:: Provided information

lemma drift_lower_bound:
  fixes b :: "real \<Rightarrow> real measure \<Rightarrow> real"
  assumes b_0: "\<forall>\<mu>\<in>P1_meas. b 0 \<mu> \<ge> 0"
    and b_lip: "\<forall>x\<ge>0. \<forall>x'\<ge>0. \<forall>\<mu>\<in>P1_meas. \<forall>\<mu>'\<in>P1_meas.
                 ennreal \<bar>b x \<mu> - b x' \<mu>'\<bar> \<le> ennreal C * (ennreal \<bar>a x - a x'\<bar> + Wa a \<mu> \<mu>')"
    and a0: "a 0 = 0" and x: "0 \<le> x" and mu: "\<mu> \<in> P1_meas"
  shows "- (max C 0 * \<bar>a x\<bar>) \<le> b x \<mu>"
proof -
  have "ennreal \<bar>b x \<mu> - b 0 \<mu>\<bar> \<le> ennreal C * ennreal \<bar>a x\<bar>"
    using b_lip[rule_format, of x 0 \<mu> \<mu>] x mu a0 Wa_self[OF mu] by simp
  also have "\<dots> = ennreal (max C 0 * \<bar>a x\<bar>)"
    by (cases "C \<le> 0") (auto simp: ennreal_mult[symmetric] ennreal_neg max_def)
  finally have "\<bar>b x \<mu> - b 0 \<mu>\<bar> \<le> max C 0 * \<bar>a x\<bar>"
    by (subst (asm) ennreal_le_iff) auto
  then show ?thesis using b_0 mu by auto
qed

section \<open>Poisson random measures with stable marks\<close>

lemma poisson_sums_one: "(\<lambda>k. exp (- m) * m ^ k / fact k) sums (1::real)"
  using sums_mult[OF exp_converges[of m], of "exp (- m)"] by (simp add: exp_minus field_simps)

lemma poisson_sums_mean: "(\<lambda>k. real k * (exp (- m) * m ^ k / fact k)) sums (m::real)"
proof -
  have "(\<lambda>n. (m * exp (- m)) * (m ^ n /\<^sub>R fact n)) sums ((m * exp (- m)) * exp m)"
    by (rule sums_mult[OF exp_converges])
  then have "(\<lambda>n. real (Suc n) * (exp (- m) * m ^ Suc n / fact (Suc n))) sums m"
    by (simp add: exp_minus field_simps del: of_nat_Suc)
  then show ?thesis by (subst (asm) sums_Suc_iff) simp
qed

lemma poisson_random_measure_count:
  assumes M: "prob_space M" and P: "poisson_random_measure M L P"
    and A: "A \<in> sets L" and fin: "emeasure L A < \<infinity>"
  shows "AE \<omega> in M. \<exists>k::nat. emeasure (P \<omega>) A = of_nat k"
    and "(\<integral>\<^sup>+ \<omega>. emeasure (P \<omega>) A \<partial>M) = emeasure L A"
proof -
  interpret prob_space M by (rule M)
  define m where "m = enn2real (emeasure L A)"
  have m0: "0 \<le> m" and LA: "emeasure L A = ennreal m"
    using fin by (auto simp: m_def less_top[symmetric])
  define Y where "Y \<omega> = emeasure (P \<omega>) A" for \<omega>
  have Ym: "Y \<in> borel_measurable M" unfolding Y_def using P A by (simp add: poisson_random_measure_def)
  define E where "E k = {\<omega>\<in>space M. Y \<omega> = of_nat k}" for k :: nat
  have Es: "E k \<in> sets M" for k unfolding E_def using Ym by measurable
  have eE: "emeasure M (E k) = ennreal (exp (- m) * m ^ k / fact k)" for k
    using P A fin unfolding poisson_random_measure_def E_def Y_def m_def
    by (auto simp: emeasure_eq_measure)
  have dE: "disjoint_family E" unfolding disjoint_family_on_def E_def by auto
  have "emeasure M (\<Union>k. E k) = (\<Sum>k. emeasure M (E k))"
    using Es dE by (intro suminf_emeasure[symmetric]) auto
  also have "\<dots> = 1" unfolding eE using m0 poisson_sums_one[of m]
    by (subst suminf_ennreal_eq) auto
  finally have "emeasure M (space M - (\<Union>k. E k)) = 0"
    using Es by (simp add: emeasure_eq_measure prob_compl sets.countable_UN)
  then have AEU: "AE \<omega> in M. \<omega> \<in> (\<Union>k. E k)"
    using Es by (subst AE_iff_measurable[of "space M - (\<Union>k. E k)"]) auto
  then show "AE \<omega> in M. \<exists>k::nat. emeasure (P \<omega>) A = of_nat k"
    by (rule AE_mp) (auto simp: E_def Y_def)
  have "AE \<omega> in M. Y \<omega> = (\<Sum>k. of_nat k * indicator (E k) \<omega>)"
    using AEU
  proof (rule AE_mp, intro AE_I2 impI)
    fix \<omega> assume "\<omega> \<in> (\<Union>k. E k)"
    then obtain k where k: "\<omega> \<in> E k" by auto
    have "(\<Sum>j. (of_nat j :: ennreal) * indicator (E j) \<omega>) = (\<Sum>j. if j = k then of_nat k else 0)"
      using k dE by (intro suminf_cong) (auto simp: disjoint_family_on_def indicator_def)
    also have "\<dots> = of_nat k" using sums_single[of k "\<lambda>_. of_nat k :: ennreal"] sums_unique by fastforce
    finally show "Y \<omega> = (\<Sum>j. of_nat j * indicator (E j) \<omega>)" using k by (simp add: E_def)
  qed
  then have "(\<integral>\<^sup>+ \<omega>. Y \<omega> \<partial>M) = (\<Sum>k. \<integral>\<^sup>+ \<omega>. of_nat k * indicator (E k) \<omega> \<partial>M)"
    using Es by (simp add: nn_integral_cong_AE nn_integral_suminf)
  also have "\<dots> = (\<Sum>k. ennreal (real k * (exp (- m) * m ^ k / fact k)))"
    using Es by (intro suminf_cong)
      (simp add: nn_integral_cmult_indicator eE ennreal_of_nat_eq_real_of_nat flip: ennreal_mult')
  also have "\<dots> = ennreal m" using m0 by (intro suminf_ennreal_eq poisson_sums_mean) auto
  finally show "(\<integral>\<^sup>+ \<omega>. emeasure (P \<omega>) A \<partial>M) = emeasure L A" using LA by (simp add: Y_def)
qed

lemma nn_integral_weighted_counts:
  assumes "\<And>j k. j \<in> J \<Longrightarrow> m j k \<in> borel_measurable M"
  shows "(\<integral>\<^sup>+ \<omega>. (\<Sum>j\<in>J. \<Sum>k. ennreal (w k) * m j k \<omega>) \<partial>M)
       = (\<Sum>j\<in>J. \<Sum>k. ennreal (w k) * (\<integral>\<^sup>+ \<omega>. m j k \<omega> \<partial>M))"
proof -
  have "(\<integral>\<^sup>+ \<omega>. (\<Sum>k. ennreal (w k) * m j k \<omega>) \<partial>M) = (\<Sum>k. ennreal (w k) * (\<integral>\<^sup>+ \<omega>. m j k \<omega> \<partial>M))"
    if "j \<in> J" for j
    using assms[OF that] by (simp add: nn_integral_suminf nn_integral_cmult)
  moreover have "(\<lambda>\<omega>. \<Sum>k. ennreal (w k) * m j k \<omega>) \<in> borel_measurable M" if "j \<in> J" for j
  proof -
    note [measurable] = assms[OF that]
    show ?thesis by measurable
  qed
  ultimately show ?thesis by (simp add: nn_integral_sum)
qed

::::
:: Provided information

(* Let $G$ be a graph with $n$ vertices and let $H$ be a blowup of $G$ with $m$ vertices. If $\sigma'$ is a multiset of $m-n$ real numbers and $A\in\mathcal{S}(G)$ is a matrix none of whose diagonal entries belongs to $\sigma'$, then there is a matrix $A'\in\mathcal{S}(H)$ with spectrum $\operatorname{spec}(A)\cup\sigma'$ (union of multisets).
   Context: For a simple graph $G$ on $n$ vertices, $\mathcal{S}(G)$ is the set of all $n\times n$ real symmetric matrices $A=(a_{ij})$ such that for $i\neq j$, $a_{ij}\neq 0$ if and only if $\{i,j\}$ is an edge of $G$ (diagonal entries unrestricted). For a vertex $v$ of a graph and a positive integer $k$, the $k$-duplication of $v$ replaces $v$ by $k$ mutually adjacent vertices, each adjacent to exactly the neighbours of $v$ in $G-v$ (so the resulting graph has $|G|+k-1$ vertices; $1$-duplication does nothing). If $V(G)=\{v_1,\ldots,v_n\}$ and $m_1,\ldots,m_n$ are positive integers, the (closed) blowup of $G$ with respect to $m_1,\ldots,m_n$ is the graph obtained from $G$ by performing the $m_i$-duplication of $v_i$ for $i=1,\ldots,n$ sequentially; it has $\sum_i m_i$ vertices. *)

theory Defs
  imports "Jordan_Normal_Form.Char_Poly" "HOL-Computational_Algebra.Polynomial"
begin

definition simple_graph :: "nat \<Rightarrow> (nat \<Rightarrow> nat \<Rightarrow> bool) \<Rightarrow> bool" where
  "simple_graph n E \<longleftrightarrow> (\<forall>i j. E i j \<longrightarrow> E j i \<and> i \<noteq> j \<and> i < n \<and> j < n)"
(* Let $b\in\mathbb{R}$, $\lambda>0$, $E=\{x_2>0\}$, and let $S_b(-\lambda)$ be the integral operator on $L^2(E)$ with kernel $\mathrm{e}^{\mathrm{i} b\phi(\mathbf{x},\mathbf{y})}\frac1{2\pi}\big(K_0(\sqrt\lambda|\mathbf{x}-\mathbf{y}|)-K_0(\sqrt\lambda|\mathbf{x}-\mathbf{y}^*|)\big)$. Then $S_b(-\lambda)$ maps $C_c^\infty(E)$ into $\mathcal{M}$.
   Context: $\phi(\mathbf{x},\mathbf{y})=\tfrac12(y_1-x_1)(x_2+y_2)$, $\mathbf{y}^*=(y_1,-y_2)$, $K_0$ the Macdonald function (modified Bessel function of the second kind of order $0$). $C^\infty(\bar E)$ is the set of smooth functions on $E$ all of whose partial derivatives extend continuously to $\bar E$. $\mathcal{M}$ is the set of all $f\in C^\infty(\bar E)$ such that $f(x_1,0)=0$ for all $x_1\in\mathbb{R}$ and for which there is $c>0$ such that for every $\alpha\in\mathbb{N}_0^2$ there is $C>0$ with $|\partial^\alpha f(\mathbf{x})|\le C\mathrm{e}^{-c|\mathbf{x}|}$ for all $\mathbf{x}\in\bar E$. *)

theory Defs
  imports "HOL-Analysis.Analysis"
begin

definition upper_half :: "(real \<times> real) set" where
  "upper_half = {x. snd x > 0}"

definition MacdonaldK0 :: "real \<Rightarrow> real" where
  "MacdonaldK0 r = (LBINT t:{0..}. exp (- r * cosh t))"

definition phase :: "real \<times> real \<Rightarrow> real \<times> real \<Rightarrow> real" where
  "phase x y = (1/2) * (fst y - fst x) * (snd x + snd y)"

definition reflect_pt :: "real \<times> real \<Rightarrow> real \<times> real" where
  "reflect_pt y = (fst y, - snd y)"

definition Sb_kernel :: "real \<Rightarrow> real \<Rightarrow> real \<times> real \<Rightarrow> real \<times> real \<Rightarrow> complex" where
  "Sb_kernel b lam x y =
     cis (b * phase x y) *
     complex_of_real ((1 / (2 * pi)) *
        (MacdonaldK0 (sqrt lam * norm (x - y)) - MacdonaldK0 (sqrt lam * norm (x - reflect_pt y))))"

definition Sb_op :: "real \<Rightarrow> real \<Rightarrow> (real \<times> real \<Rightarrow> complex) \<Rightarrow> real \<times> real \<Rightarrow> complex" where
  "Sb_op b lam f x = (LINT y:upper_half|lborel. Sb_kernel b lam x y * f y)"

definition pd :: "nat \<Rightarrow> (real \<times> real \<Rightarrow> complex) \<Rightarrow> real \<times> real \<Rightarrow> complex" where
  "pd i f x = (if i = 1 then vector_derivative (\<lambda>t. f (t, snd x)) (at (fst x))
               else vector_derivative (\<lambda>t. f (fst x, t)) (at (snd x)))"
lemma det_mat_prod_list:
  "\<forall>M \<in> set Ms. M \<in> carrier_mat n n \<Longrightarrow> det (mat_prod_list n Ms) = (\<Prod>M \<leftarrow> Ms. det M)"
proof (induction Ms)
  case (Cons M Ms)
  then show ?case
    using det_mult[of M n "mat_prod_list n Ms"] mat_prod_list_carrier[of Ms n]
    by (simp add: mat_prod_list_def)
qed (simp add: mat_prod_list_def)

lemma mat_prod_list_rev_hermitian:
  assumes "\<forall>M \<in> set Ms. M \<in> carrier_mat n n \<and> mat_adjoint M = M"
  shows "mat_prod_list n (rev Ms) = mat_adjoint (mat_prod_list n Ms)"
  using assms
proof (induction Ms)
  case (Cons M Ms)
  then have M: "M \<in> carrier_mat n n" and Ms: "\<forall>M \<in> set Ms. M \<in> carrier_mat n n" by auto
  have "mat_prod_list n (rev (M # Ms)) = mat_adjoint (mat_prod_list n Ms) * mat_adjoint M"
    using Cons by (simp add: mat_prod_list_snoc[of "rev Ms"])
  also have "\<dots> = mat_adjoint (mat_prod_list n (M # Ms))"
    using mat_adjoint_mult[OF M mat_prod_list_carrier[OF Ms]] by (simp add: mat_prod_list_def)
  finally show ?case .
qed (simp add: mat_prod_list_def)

::::
:: Provided information

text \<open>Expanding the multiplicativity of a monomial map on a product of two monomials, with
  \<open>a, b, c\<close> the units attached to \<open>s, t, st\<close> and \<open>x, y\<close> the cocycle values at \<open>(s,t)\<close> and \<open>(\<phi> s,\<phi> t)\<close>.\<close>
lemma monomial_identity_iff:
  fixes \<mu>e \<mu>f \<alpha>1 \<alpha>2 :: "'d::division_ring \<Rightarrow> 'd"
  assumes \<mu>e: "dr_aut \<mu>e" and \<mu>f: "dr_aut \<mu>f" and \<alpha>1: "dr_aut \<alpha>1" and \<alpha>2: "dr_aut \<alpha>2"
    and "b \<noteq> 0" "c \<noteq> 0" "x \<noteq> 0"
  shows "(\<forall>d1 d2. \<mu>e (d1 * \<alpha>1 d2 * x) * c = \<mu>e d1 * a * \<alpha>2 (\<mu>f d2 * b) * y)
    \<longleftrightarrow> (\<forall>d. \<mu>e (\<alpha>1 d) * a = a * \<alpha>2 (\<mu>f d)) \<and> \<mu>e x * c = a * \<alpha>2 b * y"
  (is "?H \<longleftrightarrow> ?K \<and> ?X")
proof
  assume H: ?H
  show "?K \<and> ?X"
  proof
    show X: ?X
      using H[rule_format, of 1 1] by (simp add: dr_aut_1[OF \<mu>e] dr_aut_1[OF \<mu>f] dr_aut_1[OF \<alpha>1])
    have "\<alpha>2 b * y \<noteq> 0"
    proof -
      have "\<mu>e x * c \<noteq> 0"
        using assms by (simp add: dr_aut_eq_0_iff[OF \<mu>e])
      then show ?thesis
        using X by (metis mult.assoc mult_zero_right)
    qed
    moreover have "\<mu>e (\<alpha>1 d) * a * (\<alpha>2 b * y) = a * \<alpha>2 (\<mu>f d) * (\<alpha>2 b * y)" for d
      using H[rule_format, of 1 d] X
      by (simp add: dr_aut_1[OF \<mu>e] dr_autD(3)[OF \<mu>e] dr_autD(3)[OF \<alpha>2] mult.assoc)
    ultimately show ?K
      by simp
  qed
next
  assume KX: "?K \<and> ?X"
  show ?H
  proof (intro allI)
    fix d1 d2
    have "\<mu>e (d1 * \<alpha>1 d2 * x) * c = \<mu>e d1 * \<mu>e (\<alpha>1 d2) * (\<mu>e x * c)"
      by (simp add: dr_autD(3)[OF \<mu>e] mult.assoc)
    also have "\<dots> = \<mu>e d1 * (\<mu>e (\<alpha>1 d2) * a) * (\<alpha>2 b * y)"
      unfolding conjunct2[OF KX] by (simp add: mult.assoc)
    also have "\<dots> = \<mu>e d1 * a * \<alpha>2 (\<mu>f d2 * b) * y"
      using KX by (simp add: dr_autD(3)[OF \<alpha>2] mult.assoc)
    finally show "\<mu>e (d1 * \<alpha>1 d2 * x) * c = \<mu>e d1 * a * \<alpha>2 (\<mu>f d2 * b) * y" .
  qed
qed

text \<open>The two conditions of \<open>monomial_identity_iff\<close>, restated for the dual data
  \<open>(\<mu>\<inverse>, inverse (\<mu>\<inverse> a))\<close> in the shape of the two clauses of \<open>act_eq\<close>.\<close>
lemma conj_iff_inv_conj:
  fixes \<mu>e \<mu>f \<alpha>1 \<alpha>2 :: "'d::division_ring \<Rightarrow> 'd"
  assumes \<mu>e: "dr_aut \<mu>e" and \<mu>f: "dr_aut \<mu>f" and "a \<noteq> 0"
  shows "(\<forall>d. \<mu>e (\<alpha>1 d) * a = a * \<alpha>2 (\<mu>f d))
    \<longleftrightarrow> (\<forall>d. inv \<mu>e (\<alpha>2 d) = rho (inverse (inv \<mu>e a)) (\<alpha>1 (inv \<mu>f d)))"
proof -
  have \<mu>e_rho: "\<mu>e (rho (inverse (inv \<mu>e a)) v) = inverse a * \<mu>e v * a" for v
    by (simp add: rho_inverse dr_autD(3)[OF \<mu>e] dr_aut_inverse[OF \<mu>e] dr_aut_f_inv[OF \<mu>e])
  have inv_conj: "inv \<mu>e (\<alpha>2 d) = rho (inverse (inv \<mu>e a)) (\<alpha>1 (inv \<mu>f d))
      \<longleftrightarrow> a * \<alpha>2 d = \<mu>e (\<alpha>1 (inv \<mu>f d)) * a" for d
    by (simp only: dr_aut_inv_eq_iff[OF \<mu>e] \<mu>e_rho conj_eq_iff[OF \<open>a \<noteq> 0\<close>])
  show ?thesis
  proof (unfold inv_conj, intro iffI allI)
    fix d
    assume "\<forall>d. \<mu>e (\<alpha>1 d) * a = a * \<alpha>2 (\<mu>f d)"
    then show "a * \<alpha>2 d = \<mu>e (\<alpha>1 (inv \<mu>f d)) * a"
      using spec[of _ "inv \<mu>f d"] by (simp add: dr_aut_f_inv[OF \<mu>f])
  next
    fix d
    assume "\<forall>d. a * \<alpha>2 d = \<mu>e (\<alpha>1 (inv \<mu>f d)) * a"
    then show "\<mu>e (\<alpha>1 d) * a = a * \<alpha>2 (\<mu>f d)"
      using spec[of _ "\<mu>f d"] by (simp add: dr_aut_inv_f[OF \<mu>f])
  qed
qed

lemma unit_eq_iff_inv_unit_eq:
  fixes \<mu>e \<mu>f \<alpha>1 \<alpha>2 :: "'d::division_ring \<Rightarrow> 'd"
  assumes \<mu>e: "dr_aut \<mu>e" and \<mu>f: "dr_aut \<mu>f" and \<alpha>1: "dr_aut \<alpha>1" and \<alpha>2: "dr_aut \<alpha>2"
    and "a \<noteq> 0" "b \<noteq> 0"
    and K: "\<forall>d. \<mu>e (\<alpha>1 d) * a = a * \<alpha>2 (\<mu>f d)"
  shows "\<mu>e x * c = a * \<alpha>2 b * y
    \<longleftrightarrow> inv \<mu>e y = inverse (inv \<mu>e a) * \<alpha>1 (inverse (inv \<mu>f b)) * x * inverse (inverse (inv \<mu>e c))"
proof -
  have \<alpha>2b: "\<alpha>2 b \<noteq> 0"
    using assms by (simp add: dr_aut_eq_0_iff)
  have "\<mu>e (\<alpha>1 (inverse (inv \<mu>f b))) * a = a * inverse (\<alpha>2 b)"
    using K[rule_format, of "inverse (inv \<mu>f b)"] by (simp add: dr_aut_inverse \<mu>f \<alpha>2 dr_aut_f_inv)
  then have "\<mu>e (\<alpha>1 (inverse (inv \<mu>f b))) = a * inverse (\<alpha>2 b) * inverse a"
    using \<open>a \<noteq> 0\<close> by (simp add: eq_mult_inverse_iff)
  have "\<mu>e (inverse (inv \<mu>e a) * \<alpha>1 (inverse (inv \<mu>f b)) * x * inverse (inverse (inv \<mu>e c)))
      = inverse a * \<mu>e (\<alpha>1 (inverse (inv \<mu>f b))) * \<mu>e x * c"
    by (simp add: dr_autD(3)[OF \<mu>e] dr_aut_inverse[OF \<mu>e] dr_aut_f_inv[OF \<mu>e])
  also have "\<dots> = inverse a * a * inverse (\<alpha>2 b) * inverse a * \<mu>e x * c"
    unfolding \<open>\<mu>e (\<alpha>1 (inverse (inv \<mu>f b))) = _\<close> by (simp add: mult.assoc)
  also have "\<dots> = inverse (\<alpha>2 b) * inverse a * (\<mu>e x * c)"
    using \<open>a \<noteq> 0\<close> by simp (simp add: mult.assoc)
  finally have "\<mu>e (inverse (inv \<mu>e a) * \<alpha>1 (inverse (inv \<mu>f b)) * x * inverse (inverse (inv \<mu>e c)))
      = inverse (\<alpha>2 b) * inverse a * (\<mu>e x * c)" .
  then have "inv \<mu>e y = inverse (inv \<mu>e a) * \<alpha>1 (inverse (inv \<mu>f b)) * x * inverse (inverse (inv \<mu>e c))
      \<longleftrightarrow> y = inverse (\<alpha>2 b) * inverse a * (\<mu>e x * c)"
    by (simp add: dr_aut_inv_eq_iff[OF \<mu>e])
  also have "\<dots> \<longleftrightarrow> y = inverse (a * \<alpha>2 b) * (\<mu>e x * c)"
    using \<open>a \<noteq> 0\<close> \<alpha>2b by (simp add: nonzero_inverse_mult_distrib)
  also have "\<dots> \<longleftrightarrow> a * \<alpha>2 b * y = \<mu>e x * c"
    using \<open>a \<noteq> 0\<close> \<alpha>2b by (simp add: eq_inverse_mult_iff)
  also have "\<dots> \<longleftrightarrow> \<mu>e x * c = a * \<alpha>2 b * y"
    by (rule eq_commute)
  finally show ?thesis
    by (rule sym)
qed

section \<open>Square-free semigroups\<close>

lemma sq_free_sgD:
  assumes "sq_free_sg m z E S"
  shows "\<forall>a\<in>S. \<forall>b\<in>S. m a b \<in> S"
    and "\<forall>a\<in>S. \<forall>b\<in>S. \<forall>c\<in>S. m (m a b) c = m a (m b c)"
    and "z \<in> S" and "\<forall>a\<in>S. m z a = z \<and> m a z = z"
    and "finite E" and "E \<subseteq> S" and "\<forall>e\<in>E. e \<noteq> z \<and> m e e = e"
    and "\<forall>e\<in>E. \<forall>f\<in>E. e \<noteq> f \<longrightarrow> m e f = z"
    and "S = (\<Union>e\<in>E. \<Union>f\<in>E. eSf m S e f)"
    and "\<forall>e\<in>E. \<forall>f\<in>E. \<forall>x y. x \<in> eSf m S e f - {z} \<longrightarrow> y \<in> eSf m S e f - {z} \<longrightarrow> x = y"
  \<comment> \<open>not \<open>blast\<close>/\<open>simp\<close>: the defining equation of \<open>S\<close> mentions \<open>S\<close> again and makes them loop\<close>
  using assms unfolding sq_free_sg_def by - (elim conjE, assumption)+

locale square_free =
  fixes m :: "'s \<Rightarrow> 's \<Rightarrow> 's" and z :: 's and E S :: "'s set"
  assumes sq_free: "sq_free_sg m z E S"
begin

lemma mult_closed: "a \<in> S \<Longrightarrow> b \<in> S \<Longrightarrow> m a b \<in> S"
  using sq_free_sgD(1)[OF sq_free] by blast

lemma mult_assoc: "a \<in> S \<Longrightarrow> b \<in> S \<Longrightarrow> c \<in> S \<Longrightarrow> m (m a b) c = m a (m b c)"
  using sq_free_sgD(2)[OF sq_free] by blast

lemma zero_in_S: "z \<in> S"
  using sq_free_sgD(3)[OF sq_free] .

::::

• [Problem description]
The response must contain each line above that holds the string "else".

• [Finished task]
    have "(\<Sum>j. (of_nat j :: ennreal) * indicator (E j) \<omega>) = (\<Sum>j. if j = k then of_nat k else 0)"
               else vector_derivative (\<lambda>t. f (fst x, t)) (at (snd x)))"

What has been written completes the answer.